PROBLEM STATEMENT:
Across the entries below, how many lines contain the string "lemma"? Give only the count.

EXERCISE MATERIAL:
==========
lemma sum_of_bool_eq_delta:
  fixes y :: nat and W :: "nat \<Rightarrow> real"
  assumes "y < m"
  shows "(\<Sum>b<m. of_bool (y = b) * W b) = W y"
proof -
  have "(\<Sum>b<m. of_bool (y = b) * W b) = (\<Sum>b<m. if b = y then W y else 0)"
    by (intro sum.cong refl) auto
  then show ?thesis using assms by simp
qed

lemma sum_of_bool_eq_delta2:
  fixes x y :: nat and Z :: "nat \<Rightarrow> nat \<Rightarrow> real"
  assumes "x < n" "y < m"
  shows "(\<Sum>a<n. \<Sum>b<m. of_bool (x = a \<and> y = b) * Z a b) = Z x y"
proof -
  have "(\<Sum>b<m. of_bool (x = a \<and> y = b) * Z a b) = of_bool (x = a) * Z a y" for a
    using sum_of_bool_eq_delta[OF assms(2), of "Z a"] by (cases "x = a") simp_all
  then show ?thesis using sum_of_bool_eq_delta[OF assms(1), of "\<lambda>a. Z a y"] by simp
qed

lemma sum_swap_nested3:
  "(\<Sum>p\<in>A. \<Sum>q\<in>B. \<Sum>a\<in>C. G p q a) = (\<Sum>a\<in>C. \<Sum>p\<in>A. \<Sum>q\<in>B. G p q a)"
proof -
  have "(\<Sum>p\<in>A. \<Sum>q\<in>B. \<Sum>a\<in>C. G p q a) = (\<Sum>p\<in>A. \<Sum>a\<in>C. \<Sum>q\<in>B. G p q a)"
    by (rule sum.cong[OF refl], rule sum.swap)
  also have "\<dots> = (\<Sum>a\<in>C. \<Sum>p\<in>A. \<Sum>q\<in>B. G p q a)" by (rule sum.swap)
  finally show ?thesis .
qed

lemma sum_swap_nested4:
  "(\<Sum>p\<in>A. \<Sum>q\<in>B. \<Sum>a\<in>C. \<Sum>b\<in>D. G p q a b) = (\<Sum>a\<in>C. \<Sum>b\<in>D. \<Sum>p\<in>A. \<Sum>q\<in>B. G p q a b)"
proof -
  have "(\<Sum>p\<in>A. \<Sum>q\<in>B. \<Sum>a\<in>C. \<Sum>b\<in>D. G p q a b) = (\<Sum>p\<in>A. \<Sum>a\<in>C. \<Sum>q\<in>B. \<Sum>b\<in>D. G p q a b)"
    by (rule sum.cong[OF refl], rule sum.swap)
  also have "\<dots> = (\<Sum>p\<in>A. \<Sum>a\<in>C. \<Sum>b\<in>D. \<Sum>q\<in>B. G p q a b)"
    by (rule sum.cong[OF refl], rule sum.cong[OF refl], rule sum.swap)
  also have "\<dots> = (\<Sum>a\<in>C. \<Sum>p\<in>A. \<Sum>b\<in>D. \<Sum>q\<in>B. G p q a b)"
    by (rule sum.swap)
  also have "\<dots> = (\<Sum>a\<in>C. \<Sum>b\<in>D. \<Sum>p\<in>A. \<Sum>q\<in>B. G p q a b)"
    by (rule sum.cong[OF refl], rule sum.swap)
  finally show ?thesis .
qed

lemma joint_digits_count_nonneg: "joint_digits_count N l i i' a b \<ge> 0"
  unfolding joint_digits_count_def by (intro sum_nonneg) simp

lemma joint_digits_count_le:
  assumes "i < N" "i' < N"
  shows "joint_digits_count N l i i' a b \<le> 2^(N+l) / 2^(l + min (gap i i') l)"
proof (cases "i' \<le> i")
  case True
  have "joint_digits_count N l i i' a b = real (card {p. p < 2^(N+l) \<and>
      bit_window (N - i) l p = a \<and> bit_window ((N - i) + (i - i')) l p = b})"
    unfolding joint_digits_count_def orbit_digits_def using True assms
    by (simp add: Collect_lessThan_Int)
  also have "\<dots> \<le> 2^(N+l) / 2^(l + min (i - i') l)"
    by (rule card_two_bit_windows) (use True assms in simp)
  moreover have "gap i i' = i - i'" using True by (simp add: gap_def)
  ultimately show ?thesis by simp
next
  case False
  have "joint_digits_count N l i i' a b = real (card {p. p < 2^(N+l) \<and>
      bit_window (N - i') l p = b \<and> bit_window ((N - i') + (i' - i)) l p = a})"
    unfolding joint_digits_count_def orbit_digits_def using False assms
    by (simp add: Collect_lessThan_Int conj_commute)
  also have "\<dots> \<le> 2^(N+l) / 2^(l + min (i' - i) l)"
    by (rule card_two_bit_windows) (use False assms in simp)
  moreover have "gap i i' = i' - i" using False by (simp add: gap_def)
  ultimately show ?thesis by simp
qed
==========
YOUR SOLUTION:
6